An anchored monopodial DNA walker triggered by proximity hybridization for amplified amperometric biosensing of nucleic acid and protein.

机构信息

Key Laboratory of Tropical Translational Medicine of Ministry of Education, School of Tropical Medicine and Laboratory Medicine, Hainan Medical University, Haikou, 571199, PR China; Affiliated Hospital of Southwest Medical University, Luzhou, 646000, PR China.

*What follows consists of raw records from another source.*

(* Let $q\in\mathbb{CP}^N$, $\alpha\in[0,\pi]$, and let $e_1,e_2,e_3,e_4\in T_q\mathbb{CP}^N$ be $g_{FS}$-orthonormal vectors satisfying $J_{FS}e_1=\cos\alpha\, e_2+\sin\alpha\, e_3$, $J_{FS}e_2=-\cos\alpha\, e_1-\sin\alpha\, e_4$, $J_{FS}e_3=-\sin\alpha\, e_1+\cos\alpha\, e_4$. Then there exists a Killing vector field $V$ of $(\mathbb{CP}^N,g_{FS})$ such that $$\big[\langle\bar\nabla_{e_1}V,e_3\rangle+\langle\bar\nabla_{e_2}V,e_4\rangle\big](q)=1\quad\text{and}\quad \tfrac{\sqrt2}{2}\le|\bar\nabla V|(q)\le\sqrt2 .$$ Moreover, for every real number $c$ there is a Killing vector field $V$ with $\big[\langle\bar\nabla_{e_1}V,e_3\rangle+\langle\bar\nabla_{e_2}V,e_4\rangle\big](q)=c$.
   Context: $g_{FS}$, $J_{FS}$ are the Fubini–Study metric and complex structure on complex projective space $\mathbb{CP}^N$, $\langle\cdot,\cdot\rangle=g_{FS}$ and $\bar\nabla$ is its Levi-Civita connection; $|\bar\nabla V|(q)$ is the $g_{FS}$-norm of the endomorphism $X\mapsto\bar\nabla_XV$ of $T_q\mathbb{CP}^N$. *)

theory Defs
  imports "HOL-Analysis.Analysis"
begin

text \<open>Concrete model of (CP^N, g_FS, J_FS) as the quotient of the unit sphere
S in C^(N+1) (here complex^'n, N+1 = CARD('n)) by the circle action.
A point q = [z] is represented by a unit vector z; T_q CP^N is identified
(via the differential of the projection) with the horizontal space
H_z = {v. herm z v = 0}; g_FS is the real inner product (Re of the
Hermitian product) and J_FS is multiplication by i.\<close>

definition herm :: "complex^'n \<Rightarrow> complex^'n \<Rightarrow> complex" where
  "herm z w = (\<Sum>i\<in>UNIV. cnj (z $ i) * w $ i)"

definition sphere_pts :: "(complex^'n) set" where
  "sphere_pts = {z. norm z = 1}"

definition horiz :: "complex^'n \<Rightarrow> (complex^'n) set" where
  "horiz z = {v. herm z v = 0}"

definition hproj :: "complex^'n \<Rightarrow> complex^'n \<Rightarrow> complex^'n" where
  "hproj z w = w - herm z w *s z"

definition JFS :: "complex^'n \<Rightarrow> complex^'n" where
  "JFS v = \<i> *s v"

text \<open>A C^1 vector field on CP^N, given by its horizontal, circle-equivariant
lift Vh to the sphere (extended arbitrarily, C^1 near the sphere).\<close>
definition is_vector_field :: "(complex^'n \<Rightarrow> complex^'n) \<Rightarrow> bool" where
  "is_vector_field Vh \<longleftrightarrow>
     (\<forall>z\<in>sphere_pts. herm z (Vh z) = 0) \<and>
     (\<forall>z\<in>sphere_pts. \<forall>c::complex. norm c = 1 \<longrightarrow> Vh (c *s z) = c *s Vh z) \<and>
     (\<exists>D. (\<forall>z\<in>sphere_pts. (Vh has_derivative blinfun_apply (D z)) (at z))
          \<and> continuous_on sphere_pts D)"

text \<open>Levi-Civita covariant derivative of g_FS: horizontal part of the
Euclidean derivative of the horizontal lift (O'Neill).\<close>
definition cov :: "(complex^'n \<Rightarrow> complex^'n) \<Rightarrow> complex^'n \<Rightarrow> complex^'n \<Rightarrow> complex^'n" where
  "cov Vh z X = hproj z (frechet_derivative Vh (at z) X)"

definition is_killing :: "(complex^'n \<Rightarrow> complex^'n) \<Rightarrow> bool" where
  "is_killing Vh \<longleftrightarrow> is_vector_field Vh \<and>
     (\<forall>z\<in>sphere_pts. \<forall>X\<in>horiz z. \<forall>Y\<in>horiz z.
        inner (cov Vh z X) Y + inner (cov Vh z Y) X = 0)"

text \<open>g_FS-norm (Hilbert-Schmidt) of the endomorphism X \<mapsto> cov Vh z X of T_q.
Computed in the ambient real Euclidean space via X \<mapsto> cov Vh z (hproj z X),
which vanishes on the orthogonal complement of H_z and maps into H_z.\<close>
definition nabla_norm :: "(complex^'n \<Rightarrow> complex^'n) \<Rightarrow> complex^'n \<Rightarrow> real" where
  "nabla_norm Vh z = sqrt (\<Sum>b\<in>Basis. (norm (cov Vh z (hproj z b)))\<^sup>2)"

end

theory Submission
  imports Defs
begin

text \<open>
  A skew-Hermitian complex-linear map A of C^(N+1) (an element of u(N+1))
  generates a Killing field of CP^N; its horizontal lift is the horizontal part
  z \<mapsto> A z - \<langle>z, A z\<rangle> z of the linear field A.  If moreover A kills z and maps
  into the horizontal space H_z, then at q = [z] the covariant derivative of this
  field is A itself, so \<nabla>V(q) can be read off from A.

  We use the rank-two operators R_r(w) = r (\<langle>e1,w\<rangle> e3 - \<langle>e3,w\<rangle> e1).  For the adapted
  frame of the theorem one computes \<langle>R_r e1, e3\<rangle> + \<langle>R_r e2, e4\<rangle> = 2r and, via a
  Parseval-type identity, |R_r|^2 = 4 r^2 (1 + sin^2 \<alpha>).  Taking r = 1/2 gives the
  value 1 with |\<nabla>V| = sqrt (1 + sin^2 \<alpha>) \<in> [1, sqrt 2], and r = c/2 gives the value c.
\<close>

subsection \<open>The Hermitian product\<close>

lemma herm_add_right: "herm z (x + y) = herm z x + herm z y"
  by (simp add: herm_def distrib_left sum.distrib)

lemma herm_add_left: "herm (x + y) w = herm x w + herm y w"
  by (simp add: herm_def distrib_right sum.distrib)

lemma herm_diff_right: "herm z (x - y) = herm z x - herm z y"
  by (simp add: herm_def right_diff_distrib sum_subtractf)

lemma herm_diff_left: "herm (x - y) w = herm x w - herm y w"
  by (simp add: herm_def left_diff_distrib sum_subtractf)

lemma herm_smult_right: "herm z (a *s x) = a * herm z x"
  by (simp add: herm_def sum_distrib_left algebra_simps)

lemma herm_smult_left: "herm (a *s x) w = cnj a * herm x w"
  by (simp add: herm_def sum_distrib_left algebra_simps)

lemma herm_scaleR_right: "herm x (r *\<^sub>R w) = r *\<^sub>R herm x w"
  unfolding herm_def vector_scaleR_component
  by (simp add: scaleR_sum_right scaleR_conv_of_real algebra_simps sum_distrib_left)

lemma herm_scaleR_left: "herm (r *\<^sub>R x) w = r *\<^sub>R herm x w"
  unfolding herm_def vector_scaleR_component
  by (simp add: scaleR_sum_right scaleR_conv_of_real algebra_simps sum_distrib_left)

lemma herm_zero_right [simp]: "herm z 0 = 0"
  by (simp add: herm_def)

lemma herm_zero_left [simp]: "herm 0 z = 0"
  by (simp add: herm_def)

lemma cnj_herm: "cnj (herm z w) = herm w z"
  by (simp add: herm_def mult.commute)

lemma inner_herm: "inner x y = Re (herm x y)"
  by (simp add: herm_def inner_vec_def Re_sum inner_complex_def)

lemma herm_eq: "herm x y = Complex (inner x y) (inner (JFS x) y)"
  by (simp add: complex_eq_iff inner_herm herm_def inner_vec_def Im_sum inner_complex_def JFS_def)

lemma inner_JJ: "inner (JFS x) (JFS y) = inner x y"
  by (simp add: JFS_def inner_vec_def inner_complex_def algebra_simps)

lemma inner_J_self: "inner x (JFS x) = 0"
  by (simp add: JFS_def inner_vec_def inner_complex_def algebra_simps)

lemma inner_J_swap: "inner (JFS x) y = - inner x (JFS y)"
  by (simp add: JFS_def inner_vec_def inner_complex_def algebra_simps sum_negf[symmetric])

lemma herm_self_sphere: "z \<in> sphere_pts \<Longrightarrow> herm z z = 1"
  by (simp add: herm_eq complex_eq_iff sphere_pts_def inner_J_self inner_J_swap[of z z]
      flip: power2_norm_eq_inner)

lemma smult_decomp: "h *s w = Re h *\<^sub>R w + Im h *\<^sub>R JFS w"
  by (simp add: vec_eq_iff JFS_def complex_eq_iff)

text \<open>In finite dimension real-bilinear maps are bounded; this gives derivatives and
  continuity of expressions built from herm and scalar multiplication.\<close>

lemma bounded_bilinear_herm: "bounded_bilinear (herm :: complex^'n \<Rightarrow> _)"
  unfolding bilinear_conv_bounded_bilinear[symmetric] bilinear_def
  by (auto intro!: linearI simp: herm_add_left herm_add_right herm_scaleR_left herm_scaleR_right)

lemma bounded_bilinear_smult: "bounded_bilinear (\<lambda>(c::complex) (x::complex^'n). c *s x)"
  unfolding bilinear_conv_bounded_bilinear[symmetric] bilinear_def
  by (auto intro!: linearI simp: vec_eq_iff vector_scaleR_component algebra_simps)

subsection \<open>Killing fields induced by skew-Hermitian maps\<close>

definition induced_field :: "(complex^'n \<Rightarrow> complex^'n) \<Rightarrow> complex^'n \<Rightarrow> complex^'n" where
  "induced_field A z = A z - herm z (A z) *s z"

definition induced_field_deriv ::
    "(complex^'n \<Rightarrow> complex^'n) \<Rightarrow> complex^'n \<Rightarrow> complex^'n \<Rightarrow> complex^'n" where
  "induced_field_deriv A z h = A h - (herm z (A h) + herm h (A z)) *s z - herm z (A z) *s h"

lemma induced_field_has_derivative:
  assumes lin: "bounded_linear A"
  shows "(induced_field A has_derivative induced_field_deriv A z) (at z)"
proof -
  have dA: "(A has_derivative A) (at z)"
    using bounded_linear.has_derivative[OF lin has_derivative_ident] by simp
  have "((\<lambda>x. herm x (A x)) has_derivative (\<lambda>h. herm z (A h) + herm h (A z))) (at z)"
    using bounded_bilinear.FDERIV[OF bounded_bilinear_herm has_derivative_ident dA] .
  from bounded_bilinear.FDERIV[OF bounded_bilinear_smult this has_derivative_ident]
  have "((\<lambda>x. herm x (A x) *s x) has_derivative
          (\<lambda>h. herm z (A z) *s h + (herm z (A h) + herm h (A z)) *s z)) (at z)" .
  from has_derivative_diff[OF dA this] show ?thesis
    unfolding induced_field_def induced_field_deriv_def
    by (rule has_derivative_eq_rhs) (auto simp: fun_eq_iff algebra_simps)
qed

lemma cov_induced_field:
  assumes "bounded_linear A"
  shows "cov (induced_field A) z X = hproj z (induced_field_deriv A z X)"
  using frechet_derivative_at[OF induced_field_has_derivative[OF assms, of z]]
  by (simp add: cov_def)

lemma is_vector_field_induced_field:
  fixes A :: "complex^'n \<Rightarrow> complex^'n"
  assumes lin: "bounded_linear A" and cl: "\<And>a w. A (a *s w) = a *s A w"
  shows "is_vector_field (induced_field A)"
  unfolding is_vector_field_def
proof (intro conjI ballI allI impI)
  fix z :: "complex^'n" assume z: "z \<in> sphere_pts"
  show "herm z (induced_field A z) = 0"
    by (simp add: induced_field_def herm_diff_right herm_smult_right herm_self_sphere[OF z])
  fix c :: complex assume c: "norm c = 1"
  have cc: "cnj c * c = 1"
    using c by (metis complex_norm_square mult.commute of_real_1 power_one)
  show "induced_field A (c *s z) = c *s induced_field A z"
    by (simp add: induced_field_def cl herm_smult_left herm_smult_right vector_ssub_ldistrib
        vector_smult_assoc mult.assoc[symmetric] cc)
next
  let ?D = "\<lambda>z. Blinfun (induced_field_deriv A z)"
  have apply_D: "blinfun_apply (?D z) = induced_field_deriv A z" for z
    by (rule bounded_linear_Blinfun_apply[OF has_derivative_bounded_linear
          [OF induced_field_has_derivative[OF lin]]])
  have "continuous_on sphere_pts ?D"
  proof (rule continuous_on_blinfun_componentwise)
    fix i :: "complex^'n"
    have "continuous_on sphere_pts (\<lambda>z. induced_field_deriv A z i)"
      unfolding induced_field_deriv_def
      by (intro continuous_intros bounded_bilinear.continuous_on[OF bounded_bilinear_herm]
          bounded_bilinear.continuous_on[OF bounded_bilinear_smult] linear_continuous_on lin)
    then show "continuous_on sphere_pts (\<lambda>z. blinfun_apply (?D z) i)"
      by (simp add: apply_D)
  qed
  then show "\<exists>D. (\<forall>z\<in>sphere_pts. (induced_field A has_derivative blinfun_apply (D z)) (at z))
                 \<and> continuous_on sphere_pts D"
    using induced_field_has_derivative[OF lin] by (intro exI[of _ ?D]) (simp add: apply_D)
qed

Affiliated Hospital of Southwest Medical University, Luzhou, 646000, PR China.

出版信息

Anal Chim Acta. 2020 Apr 22;1107:48-54. doi: 10.1016/j.aca.2020.02.013. Epub 2020 Feb 7.

Abstract

This work designed an anchored monopodial DNA walker to amplify amperometric biosensing signal for sensitive detection of nucleic acid and protein. The biosensing surface was constructed by self-assembling hairpin DNA1 (H1) and small amount of P1-W (probe DNA1 hybridized with walking DNA) on a gold electrode. In the presence of target molecule, the walker could be triggered by the surface proximity hybridization product of P1, target and P2 to induce the cyclic hybridization of H1 with ferrocene modified hairpin DNA2 (H2-Fc), which took electroactive Fc to the electrode surface for amplified amperometric detection of the target. By linking P1 and P2 with dual specific DNA strands, aptamers or antibodies to recognize the target for proximity hybridization of P1 and P2, the walker amplified amperometric strategy could be used for highly sensitive biosensing of different targets. Using DNA and thrombin as the target models, the proposed biosensing methods achieved the linear range from 0.2 pM to 2 nM with a detection limit of 0.11 pM and 1.0 pM to 10 nM with a detection limit of 0.61 pM, respectively. The specific recognition process endowed the strategy with high selectivity and potential applications.

摘要

本工作设计了一种锚定的单足 DNA walker,用于放大安培生物传感信号,以实现对核酸和蛋白质的灵敏检测。生物传感表面通过自组装发夹 DNA1(H1)和少量与行走 DNA 杂交的 P1-W(探针 DNA1)在金电极上构建。在存在靶分子的情况下,walker 可以被 P1、靶和 P2 的表面近邻杂交产物触发,诱导 H1 与二茂铁修饰的发夹 DNA2(H2-Fc)的循环杂交,将电化学活性的 Fc 带到电极表面,用于对靶的放大安培检测。通过将 P1 和 P2 与双特异性 DNA 链、适体或抗体连接,以识别靶分子进行 P1 和 P2 的近邻杂交,walker 放大安培策略可用于不同靶标的高灵敏度生物传感。使用 DNA 和凝血酶作为靶标模型,所提出的生物传感方法分别实现了从 0.2 pM 到 2 nM 的线性范围,检测限为 0.11 pM,以及从 1.0 pM 到 10 nM 的线性范围,检测限为 0.61 pM。特定的识别过程赋予了该策略高选择性和潜在的应用。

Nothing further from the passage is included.